REQUIREMENT:
When you find the word "length" in a line of the entries, please copy the whole line.

Saved data entries:
--- START ---

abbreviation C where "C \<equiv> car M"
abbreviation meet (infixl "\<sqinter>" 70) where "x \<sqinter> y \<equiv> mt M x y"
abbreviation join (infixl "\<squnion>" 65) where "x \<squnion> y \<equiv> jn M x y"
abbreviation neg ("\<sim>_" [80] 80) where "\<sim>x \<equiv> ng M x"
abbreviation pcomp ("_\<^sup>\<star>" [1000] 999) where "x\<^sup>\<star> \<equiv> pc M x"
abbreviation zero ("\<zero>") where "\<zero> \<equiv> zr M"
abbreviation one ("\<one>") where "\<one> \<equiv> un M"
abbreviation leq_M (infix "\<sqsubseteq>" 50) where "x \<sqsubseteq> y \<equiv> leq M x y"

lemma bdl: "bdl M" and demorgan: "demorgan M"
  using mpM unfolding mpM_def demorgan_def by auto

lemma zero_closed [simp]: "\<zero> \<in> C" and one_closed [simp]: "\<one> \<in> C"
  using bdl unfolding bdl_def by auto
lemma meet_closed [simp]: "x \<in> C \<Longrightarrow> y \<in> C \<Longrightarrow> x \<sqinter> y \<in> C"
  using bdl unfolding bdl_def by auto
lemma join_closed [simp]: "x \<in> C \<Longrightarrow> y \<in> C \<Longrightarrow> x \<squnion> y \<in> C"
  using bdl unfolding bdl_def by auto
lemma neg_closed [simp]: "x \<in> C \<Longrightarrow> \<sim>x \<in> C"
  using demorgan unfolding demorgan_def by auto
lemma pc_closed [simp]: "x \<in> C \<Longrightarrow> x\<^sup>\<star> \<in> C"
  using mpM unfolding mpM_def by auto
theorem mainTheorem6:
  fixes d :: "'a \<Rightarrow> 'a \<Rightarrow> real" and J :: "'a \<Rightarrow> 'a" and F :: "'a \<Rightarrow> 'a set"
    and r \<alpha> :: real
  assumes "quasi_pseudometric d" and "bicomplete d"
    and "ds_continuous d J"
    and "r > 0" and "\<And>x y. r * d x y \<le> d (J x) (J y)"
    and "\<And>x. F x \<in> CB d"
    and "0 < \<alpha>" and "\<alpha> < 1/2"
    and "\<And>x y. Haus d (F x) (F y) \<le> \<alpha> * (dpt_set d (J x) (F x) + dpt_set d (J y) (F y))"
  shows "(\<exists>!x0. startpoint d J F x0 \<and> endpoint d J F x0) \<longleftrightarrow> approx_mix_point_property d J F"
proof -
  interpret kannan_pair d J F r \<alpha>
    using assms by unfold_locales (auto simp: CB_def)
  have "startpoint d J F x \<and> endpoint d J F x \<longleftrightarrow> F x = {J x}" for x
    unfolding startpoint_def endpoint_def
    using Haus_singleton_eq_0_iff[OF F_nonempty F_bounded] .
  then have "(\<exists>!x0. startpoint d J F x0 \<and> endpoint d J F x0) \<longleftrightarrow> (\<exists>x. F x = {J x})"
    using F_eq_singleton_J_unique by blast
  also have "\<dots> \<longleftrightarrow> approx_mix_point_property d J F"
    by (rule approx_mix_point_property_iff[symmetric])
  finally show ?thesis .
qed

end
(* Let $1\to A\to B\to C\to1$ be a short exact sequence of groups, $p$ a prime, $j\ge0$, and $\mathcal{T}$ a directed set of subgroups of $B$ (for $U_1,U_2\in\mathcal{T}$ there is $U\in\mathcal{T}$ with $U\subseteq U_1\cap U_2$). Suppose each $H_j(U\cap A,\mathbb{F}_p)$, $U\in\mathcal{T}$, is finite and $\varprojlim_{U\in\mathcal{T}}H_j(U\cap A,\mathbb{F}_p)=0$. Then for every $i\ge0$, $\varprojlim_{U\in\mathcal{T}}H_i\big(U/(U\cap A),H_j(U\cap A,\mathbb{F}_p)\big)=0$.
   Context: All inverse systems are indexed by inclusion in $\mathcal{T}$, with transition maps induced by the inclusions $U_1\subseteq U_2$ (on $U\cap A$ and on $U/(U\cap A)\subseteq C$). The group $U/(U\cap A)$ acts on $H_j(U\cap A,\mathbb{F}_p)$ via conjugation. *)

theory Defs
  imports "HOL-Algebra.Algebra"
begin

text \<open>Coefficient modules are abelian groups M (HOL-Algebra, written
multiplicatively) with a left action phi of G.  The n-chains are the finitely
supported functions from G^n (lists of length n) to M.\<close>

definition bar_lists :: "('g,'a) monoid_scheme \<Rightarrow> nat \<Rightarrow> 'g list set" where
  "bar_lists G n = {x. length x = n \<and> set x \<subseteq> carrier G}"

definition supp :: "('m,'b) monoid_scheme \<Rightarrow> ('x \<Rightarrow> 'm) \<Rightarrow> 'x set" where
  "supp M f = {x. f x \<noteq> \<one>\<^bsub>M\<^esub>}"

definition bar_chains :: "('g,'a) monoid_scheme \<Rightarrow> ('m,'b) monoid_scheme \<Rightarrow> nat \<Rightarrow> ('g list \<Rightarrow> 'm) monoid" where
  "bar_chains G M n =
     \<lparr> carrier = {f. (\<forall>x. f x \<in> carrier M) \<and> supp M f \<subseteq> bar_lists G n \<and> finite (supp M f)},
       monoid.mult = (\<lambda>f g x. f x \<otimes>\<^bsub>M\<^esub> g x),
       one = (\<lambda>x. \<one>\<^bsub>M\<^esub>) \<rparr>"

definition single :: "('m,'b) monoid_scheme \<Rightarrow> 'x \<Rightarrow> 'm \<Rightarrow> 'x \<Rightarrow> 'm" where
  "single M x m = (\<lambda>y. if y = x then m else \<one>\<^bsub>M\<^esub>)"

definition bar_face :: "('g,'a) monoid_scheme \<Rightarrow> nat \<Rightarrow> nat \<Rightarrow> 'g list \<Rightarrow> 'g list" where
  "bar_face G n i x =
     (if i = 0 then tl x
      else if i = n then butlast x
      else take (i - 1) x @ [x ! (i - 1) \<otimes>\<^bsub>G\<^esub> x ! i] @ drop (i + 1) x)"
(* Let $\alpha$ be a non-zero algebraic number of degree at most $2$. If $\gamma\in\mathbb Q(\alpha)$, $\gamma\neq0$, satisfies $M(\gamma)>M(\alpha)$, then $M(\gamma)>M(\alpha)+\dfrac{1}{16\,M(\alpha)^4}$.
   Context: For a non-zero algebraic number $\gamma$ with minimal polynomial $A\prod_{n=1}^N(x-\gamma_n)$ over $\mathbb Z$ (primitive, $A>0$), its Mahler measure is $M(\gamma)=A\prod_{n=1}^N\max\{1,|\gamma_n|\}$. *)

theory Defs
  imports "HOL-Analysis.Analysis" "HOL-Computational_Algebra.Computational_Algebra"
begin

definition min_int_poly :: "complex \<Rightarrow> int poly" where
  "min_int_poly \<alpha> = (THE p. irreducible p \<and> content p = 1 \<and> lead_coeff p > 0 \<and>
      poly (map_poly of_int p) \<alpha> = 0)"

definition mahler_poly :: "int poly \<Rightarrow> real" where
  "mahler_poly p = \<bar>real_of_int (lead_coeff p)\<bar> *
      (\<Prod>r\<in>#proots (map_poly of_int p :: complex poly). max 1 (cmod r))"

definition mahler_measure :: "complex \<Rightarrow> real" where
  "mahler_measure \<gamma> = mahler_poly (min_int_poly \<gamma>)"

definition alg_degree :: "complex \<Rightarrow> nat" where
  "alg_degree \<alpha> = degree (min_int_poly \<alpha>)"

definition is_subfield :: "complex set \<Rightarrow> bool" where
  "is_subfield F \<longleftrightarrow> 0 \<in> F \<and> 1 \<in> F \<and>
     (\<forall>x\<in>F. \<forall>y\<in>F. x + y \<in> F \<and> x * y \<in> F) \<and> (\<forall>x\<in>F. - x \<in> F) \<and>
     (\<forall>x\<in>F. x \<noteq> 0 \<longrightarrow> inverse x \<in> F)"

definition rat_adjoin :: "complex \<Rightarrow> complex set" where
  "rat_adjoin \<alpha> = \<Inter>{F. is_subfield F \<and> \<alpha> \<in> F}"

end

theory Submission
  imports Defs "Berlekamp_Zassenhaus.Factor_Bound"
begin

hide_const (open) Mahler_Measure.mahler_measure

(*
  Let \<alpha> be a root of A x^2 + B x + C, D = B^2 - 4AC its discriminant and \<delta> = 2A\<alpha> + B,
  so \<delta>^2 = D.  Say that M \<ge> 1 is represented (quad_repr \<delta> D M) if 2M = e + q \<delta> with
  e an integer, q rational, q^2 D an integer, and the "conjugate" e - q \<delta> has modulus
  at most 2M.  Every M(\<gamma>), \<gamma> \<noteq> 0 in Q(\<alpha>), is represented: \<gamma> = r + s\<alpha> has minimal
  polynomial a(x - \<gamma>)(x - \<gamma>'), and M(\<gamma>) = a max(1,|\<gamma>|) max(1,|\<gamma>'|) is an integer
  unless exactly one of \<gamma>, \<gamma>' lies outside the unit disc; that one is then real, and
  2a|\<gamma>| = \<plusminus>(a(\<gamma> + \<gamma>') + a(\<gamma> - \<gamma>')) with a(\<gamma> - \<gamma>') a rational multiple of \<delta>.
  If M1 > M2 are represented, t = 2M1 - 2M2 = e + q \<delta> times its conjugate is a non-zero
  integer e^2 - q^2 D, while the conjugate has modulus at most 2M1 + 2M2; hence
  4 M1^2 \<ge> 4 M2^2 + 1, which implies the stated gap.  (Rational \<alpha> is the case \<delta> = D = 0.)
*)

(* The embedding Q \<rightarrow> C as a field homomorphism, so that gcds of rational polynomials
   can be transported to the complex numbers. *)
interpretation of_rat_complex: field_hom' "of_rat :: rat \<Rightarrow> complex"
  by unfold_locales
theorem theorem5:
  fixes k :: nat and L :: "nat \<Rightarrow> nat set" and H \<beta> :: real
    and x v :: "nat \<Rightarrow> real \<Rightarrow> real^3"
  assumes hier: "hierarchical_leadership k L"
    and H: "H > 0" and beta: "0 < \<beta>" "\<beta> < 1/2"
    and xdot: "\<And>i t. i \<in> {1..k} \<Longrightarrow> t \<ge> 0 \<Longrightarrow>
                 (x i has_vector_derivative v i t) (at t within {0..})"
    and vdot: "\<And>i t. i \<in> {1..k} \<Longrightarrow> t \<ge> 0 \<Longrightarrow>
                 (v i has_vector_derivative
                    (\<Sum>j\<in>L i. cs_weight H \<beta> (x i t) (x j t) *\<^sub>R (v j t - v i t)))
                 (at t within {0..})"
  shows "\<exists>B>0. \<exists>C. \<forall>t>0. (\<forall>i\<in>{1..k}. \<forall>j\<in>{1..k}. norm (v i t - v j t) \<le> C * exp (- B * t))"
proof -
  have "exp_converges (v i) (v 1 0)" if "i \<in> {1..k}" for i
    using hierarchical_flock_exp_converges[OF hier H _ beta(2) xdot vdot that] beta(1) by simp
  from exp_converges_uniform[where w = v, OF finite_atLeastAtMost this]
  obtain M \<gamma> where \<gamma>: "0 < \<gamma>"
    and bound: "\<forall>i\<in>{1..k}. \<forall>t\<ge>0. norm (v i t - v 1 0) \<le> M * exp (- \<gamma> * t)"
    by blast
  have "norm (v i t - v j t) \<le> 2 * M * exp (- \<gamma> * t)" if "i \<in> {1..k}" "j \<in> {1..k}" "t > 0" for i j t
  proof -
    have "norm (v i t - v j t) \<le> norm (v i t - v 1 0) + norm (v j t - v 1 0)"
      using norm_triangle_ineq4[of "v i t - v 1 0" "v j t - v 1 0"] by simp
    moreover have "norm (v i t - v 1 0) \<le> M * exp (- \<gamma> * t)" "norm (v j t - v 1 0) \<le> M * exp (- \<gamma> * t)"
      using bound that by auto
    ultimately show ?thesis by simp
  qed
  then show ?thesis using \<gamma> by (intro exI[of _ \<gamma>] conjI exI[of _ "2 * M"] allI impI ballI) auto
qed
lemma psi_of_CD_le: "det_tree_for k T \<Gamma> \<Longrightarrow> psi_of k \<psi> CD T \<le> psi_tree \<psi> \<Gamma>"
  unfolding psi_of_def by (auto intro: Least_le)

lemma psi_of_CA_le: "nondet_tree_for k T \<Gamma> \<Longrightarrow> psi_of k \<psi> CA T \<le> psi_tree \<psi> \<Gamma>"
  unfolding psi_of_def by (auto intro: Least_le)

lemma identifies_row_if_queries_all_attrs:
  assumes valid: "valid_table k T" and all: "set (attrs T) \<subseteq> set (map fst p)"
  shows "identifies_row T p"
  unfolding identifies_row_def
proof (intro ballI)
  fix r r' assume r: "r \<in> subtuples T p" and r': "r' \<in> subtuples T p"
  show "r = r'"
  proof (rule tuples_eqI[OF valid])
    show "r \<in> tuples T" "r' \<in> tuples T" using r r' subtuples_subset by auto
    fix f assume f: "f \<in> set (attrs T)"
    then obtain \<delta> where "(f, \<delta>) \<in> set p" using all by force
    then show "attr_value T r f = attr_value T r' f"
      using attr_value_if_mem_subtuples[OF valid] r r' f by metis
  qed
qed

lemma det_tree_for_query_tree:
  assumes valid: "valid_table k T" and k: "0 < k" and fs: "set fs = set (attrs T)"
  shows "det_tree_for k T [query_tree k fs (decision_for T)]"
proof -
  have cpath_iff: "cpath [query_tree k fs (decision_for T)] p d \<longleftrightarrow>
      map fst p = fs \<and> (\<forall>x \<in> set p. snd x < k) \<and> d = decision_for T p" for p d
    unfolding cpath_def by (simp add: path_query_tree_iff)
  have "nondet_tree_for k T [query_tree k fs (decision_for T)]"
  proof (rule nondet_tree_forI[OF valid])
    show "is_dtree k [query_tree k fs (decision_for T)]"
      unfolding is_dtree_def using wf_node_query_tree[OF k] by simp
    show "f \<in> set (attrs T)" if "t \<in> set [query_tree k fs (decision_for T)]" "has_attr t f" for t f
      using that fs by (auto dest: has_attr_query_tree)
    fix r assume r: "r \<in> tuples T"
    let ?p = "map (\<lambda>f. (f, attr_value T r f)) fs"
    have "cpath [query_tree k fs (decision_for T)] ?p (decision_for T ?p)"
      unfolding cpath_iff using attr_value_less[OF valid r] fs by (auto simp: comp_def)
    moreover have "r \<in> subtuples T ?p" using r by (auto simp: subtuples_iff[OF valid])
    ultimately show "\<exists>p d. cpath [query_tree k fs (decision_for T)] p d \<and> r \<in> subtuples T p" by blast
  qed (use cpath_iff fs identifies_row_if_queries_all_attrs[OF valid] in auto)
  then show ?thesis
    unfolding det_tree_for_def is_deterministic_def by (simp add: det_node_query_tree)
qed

--- END ---

ANSWER AREA:
supported functions from G^n (lists of length n) to M.\<close>
  "bar_lists G n = {x. length x = n \<and> set x \<subseteq> carrier G}"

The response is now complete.